▶ _Aim of the task_
From the data below, return all lines holding the string "assumes".

▶ _Source data_
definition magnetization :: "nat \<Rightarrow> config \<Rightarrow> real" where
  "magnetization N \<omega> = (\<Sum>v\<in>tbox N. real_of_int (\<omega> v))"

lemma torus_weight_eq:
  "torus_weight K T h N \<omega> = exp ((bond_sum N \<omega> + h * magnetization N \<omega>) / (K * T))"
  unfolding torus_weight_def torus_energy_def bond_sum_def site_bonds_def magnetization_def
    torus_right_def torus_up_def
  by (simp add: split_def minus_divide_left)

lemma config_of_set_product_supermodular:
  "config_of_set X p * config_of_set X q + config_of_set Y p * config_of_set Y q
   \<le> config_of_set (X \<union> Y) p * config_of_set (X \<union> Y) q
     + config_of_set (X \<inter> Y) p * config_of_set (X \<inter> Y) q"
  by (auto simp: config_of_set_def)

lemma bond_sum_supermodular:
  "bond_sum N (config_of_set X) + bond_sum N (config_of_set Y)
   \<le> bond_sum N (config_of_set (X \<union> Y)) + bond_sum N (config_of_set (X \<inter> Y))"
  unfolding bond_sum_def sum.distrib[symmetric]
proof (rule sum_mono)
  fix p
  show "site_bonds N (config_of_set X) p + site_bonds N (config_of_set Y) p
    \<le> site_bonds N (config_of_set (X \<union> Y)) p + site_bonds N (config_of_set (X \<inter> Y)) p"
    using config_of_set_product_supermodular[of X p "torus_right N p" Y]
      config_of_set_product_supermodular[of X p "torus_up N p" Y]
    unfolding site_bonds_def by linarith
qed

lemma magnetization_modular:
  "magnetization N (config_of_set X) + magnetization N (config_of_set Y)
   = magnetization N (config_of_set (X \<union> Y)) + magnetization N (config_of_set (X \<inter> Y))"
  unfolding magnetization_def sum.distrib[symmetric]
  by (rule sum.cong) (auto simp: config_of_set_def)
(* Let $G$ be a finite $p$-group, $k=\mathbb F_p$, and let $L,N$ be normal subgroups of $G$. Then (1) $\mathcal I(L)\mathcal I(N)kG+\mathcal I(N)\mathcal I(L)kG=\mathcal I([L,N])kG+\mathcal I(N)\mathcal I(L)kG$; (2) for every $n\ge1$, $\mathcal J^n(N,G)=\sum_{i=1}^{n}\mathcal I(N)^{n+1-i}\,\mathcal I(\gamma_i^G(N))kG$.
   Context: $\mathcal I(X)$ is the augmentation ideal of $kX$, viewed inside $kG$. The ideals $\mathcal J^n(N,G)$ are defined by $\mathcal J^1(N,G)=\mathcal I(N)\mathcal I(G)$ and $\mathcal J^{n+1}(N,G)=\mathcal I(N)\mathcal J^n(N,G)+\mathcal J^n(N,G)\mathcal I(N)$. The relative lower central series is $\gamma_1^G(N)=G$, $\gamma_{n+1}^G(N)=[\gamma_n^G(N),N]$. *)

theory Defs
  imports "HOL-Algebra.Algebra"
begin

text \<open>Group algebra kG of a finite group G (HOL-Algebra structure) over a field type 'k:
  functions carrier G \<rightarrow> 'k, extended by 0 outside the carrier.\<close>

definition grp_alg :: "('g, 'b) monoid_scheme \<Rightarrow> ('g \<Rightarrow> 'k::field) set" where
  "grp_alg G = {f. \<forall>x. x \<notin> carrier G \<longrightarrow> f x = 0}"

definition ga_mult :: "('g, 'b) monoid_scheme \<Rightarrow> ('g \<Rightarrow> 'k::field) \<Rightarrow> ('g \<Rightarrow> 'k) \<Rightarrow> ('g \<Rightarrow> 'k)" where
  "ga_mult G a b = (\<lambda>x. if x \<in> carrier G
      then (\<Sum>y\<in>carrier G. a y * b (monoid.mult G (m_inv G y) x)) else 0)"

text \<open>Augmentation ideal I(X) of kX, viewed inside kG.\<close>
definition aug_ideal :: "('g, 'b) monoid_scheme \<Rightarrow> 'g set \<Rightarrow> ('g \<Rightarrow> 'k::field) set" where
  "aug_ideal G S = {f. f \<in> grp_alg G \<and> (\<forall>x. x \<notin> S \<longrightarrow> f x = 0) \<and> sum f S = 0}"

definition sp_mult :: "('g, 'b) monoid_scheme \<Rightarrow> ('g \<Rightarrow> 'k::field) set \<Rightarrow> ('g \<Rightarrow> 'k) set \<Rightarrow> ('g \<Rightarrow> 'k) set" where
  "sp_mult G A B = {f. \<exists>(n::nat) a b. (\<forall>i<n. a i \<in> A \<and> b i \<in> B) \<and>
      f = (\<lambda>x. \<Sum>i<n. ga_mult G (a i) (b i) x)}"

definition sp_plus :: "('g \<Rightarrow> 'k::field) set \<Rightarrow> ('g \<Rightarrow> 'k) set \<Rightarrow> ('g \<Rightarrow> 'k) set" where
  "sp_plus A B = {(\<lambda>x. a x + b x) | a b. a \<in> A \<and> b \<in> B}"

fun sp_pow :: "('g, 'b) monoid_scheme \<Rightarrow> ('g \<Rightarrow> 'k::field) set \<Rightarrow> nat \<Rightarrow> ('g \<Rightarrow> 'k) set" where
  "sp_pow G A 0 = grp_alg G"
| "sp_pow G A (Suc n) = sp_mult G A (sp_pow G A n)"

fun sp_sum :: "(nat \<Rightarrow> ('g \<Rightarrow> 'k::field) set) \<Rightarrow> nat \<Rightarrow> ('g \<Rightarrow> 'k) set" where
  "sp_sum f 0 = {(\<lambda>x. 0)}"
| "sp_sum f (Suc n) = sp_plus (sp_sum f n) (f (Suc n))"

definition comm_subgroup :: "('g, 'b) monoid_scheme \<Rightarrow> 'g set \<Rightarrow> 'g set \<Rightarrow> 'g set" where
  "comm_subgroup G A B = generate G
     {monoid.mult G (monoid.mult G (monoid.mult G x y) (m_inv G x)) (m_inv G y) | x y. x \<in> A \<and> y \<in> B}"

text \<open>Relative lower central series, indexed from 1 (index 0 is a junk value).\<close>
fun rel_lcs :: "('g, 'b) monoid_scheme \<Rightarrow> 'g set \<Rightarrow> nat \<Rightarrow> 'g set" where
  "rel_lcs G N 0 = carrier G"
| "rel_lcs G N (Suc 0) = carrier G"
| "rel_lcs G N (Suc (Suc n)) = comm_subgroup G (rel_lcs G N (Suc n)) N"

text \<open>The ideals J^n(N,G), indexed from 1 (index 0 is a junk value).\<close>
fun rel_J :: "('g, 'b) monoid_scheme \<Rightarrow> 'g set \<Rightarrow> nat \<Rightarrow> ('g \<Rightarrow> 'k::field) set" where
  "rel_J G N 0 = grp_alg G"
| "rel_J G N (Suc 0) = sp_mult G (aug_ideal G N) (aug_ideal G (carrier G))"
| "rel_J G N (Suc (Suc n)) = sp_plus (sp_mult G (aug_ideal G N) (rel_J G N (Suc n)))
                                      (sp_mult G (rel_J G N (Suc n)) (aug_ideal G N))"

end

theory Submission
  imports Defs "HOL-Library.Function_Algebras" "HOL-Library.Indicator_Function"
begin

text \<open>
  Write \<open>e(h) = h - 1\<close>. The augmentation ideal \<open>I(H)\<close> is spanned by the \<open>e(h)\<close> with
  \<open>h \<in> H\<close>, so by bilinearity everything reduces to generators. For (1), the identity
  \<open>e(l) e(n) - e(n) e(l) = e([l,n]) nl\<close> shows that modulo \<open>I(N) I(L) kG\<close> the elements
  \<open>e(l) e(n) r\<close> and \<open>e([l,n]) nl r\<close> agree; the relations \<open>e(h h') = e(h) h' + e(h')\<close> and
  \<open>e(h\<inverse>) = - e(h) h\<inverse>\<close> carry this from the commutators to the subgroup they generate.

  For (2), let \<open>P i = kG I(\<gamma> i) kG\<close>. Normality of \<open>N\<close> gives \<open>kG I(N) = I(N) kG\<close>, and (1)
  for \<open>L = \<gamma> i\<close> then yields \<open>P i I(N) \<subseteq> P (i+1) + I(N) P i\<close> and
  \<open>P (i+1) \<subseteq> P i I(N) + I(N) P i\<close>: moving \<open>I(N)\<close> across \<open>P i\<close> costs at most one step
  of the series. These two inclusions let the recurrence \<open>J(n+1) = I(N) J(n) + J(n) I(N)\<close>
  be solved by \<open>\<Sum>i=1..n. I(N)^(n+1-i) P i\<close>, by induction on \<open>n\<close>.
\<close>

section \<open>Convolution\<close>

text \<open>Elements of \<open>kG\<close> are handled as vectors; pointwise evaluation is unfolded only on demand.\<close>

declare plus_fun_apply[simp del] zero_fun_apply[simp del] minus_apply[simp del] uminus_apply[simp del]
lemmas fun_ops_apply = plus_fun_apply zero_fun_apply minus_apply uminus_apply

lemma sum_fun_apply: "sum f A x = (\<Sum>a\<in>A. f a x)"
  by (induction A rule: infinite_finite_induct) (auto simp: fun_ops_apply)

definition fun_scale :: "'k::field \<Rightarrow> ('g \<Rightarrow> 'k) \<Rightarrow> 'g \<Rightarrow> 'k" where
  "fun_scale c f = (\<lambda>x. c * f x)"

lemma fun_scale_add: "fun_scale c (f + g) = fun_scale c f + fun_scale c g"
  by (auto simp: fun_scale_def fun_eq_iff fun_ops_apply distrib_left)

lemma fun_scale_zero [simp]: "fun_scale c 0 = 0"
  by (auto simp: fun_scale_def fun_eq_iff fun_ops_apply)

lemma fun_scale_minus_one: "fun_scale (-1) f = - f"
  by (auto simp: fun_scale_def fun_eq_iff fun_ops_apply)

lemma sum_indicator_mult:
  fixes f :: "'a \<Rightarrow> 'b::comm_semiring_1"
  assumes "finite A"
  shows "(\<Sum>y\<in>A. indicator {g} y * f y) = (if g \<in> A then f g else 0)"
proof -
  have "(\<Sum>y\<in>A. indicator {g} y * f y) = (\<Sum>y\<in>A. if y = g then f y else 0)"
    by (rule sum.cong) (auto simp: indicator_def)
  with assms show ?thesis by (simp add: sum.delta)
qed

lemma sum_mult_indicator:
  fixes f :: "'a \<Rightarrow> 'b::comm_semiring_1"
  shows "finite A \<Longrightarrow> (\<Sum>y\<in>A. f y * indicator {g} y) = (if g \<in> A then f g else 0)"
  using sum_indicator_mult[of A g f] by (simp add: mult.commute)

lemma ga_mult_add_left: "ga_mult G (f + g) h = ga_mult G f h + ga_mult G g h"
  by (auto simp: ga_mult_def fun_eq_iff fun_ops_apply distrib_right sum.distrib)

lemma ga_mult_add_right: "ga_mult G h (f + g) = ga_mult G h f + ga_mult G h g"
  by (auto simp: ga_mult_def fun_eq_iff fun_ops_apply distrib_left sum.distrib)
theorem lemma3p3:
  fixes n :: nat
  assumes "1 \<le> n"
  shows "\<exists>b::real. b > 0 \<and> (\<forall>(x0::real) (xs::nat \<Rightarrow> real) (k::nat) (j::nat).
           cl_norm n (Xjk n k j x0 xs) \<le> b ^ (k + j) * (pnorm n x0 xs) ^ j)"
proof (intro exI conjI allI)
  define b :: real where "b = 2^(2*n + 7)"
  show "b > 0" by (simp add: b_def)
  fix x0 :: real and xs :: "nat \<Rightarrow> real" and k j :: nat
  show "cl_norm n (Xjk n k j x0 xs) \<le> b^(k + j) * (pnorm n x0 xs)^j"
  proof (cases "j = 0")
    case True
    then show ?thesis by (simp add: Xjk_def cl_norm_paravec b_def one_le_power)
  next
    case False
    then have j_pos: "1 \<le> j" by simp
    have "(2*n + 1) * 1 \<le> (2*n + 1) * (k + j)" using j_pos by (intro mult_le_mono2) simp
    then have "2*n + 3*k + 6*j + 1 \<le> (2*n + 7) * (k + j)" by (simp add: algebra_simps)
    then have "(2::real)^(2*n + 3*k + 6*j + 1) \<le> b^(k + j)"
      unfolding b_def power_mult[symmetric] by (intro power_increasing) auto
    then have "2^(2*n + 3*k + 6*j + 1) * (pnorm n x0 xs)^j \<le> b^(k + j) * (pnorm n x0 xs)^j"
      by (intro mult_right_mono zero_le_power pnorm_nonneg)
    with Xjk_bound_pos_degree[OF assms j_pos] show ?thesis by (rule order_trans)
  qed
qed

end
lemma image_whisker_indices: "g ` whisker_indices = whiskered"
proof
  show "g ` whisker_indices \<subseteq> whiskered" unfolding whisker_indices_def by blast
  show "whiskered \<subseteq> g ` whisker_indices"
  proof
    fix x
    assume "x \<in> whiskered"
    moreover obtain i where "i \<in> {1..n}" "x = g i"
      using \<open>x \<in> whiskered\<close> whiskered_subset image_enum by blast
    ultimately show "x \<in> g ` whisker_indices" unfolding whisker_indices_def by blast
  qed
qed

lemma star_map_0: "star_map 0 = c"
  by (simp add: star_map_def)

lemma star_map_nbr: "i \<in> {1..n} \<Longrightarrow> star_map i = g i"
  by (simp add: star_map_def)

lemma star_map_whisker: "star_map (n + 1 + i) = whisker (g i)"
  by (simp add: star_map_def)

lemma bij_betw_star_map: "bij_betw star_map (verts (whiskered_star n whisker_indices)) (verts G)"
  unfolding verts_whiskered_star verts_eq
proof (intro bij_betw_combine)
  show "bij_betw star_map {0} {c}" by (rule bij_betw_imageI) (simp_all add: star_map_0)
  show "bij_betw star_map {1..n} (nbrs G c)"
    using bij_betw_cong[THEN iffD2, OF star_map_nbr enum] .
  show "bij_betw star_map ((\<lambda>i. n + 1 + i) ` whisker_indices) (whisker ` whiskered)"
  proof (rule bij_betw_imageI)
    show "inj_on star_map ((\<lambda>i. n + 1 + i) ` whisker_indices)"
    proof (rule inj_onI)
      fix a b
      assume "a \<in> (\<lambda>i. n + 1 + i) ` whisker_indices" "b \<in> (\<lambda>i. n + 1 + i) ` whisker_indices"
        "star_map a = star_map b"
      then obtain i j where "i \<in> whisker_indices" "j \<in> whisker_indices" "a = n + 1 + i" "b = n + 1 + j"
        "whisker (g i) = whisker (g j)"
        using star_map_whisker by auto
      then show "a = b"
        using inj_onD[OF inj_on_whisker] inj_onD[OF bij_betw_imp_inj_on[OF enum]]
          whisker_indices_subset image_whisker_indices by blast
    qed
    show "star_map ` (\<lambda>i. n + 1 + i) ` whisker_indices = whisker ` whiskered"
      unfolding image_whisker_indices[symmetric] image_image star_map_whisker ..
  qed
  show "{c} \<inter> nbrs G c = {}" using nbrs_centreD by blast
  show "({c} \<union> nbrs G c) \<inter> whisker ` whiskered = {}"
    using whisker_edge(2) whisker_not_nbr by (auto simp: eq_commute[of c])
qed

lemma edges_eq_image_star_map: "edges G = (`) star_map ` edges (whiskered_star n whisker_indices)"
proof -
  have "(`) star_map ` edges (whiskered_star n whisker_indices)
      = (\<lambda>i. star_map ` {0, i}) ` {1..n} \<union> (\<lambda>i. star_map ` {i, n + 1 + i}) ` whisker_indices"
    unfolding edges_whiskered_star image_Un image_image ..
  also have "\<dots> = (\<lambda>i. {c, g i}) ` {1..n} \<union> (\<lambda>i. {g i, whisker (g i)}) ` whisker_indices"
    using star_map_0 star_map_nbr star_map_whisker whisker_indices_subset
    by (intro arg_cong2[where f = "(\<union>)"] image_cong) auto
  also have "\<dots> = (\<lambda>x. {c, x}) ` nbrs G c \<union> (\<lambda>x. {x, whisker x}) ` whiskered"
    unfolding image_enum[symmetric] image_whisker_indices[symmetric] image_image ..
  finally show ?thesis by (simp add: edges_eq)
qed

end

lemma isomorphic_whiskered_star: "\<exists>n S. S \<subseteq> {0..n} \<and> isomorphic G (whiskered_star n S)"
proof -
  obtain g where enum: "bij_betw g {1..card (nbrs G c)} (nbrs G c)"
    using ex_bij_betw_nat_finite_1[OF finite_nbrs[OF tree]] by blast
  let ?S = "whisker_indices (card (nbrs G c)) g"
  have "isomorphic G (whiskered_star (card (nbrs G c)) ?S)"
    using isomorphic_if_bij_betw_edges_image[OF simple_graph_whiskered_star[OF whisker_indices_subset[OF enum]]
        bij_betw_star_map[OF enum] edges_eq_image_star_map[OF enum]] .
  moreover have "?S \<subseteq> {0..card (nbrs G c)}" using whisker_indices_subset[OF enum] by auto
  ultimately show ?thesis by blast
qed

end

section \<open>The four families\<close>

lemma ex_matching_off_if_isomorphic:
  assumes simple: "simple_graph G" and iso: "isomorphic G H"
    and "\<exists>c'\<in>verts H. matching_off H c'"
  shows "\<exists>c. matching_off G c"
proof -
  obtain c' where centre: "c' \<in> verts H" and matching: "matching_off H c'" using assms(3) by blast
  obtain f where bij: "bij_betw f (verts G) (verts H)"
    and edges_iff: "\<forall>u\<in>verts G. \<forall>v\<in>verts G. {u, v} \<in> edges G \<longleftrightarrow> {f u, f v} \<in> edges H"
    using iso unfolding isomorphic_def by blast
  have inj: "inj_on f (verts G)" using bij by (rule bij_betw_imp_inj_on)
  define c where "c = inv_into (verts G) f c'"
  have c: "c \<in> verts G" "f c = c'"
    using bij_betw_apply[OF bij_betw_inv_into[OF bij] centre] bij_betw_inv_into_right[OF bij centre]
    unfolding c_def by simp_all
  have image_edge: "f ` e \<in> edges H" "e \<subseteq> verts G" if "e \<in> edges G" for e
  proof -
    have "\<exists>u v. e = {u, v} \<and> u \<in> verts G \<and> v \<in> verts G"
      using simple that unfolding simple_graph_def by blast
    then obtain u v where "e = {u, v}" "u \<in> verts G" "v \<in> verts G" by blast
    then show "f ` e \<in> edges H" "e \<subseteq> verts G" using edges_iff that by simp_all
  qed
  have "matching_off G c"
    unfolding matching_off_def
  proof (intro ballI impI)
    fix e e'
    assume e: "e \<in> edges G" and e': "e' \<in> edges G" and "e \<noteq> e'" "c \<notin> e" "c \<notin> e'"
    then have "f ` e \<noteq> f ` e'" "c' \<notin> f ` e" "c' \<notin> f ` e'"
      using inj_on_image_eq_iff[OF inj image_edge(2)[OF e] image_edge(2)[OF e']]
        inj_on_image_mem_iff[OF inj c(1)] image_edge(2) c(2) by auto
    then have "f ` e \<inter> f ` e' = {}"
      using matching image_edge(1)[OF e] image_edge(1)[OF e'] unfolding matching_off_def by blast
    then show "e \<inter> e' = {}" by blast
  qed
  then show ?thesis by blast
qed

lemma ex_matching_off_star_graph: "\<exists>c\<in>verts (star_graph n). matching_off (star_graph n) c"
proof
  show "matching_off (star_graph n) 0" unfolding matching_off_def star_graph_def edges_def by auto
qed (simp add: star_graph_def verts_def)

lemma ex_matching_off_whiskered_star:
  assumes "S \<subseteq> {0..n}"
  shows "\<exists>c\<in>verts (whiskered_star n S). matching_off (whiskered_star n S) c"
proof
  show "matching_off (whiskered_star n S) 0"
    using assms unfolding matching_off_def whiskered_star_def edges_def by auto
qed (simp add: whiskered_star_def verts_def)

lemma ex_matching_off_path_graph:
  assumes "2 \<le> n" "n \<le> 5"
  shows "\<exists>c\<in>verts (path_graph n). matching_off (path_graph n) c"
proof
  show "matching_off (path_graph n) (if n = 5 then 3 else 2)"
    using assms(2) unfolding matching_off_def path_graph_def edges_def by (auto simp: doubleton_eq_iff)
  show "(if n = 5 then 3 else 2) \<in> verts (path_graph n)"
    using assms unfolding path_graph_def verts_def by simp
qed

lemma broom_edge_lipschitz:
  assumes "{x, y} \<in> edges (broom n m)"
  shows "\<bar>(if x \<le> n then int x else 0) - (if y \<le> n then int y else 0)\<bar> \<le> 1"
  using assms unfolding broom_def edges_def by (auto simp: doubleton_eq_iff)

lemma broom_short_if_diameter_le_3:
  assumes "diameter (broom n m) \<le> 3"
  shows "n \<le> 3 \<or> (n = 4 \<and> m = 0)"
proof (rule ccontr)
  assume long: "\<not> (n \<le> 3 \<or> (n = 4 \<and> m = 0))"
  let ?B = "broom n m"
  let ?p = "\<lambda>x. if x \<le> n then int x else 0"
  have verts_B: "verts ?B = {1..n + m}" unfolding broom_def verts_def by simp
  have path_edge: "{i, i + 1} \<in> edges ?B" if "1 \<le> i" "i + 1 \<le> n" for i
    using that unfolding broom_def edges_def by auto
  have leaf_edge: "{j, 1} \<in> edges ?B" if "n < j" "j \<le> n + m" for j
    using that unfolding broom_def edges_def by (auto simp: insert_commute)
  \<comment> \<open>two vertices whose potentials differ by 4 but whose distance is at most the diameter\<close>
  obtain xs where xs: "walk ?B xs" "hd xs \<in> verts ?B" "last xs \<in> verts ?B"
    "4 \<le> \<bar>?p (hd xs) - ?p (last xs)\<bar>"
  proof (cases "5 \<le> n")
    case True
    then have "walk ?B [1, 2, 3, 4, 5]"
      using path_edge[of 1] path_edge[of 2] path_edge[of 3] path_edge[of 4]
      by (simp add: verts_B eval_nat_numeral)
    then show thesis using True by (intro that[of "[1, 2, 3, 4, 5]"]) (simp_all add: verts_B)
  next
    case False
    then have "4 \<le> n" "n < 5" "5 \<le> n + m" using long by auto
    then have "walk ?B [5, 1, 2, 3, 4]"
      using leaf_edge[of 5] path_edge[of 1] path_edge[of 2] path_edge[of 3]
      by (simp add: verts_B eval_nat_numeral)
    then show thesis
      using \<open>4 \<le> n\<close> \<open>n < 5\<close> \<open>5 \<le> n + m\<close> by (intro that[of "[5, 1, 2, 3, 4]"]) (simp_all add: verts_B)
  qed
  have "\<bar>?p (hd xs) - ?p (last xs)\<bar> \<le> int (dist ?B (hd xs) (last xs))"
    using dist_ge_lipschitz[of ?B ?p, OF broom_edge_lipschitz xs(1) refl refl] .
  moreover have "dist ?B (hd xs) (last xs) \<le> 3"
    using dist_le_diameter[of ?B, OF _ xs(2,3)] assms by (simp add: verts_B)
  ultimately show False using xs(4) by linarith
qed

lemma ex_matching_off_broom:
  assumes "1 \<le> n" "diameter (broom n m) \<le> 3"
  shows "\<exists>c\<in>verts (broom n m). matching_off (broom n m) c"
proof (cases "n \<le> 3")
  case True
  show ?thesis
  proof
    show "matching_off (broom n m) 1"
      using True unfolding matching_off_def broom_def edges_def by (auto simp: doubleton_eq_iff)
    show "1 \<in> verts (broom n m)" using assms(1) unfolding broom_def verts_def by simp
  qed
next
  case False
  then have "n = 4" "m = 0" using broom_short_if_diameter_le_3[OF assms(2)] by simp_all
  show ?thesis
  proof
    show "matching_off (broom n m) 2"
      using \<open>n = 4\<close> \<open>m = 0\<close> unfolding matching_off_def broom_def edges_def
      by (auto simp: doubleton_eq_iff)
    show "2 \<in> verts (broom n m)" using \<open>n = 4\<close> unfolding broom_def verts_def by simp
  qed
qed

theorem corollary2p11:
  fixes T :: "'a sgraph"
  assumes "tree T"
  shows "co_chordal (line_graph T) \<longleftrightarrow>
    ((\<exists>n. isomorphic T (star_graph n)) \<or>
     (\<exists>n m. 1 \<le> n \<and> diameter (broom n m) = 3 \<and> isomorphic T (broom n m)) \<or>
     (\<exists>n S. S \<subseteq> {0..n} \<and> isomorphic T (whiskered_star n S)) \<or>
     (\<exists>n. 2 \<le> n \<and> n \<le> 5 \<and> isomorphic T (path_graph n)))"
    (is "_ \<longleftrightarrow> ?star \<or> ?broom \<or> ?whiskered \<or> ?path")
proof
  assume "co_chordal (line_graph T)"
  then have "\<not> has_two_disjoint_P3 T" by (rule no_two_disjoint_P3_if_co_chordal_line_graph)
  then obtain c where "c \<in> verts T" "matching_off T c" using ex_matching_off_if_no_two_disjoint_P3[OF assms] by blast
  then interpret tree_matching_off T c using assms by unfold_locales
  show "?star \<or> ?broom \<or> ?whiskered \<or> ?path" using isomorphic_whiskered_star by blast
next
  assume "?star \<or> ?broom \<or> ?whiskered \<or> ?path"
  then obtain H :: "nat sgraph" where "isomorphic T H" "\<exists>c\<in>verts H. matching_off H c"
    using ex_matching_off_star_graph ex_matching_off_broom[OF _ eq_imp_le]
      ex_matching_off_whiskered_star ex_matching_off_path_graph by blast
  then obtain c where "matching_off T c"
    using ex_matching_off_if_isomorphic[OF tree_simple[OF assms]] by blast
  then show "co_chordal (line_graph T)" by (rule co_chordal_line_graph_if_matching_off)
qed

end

▶ _Output for this task_
  assumes "finite A"
  assumes "1 \<le> n"
  assumes simple: "simple_graph G" and iso: "isomorphic G H"
  assumes "S \<subseteq> {0..n}"
  assumes "2 \<le> n" "n \<le> 5"
  assumes "{x, y} \<in> edges (broom n m)"
  assumes "diameter (broom n m) \<le> 3"
  assumes "1 \<le> n" "diameter (broom n m) \<le> 3"
  assumes "tree T"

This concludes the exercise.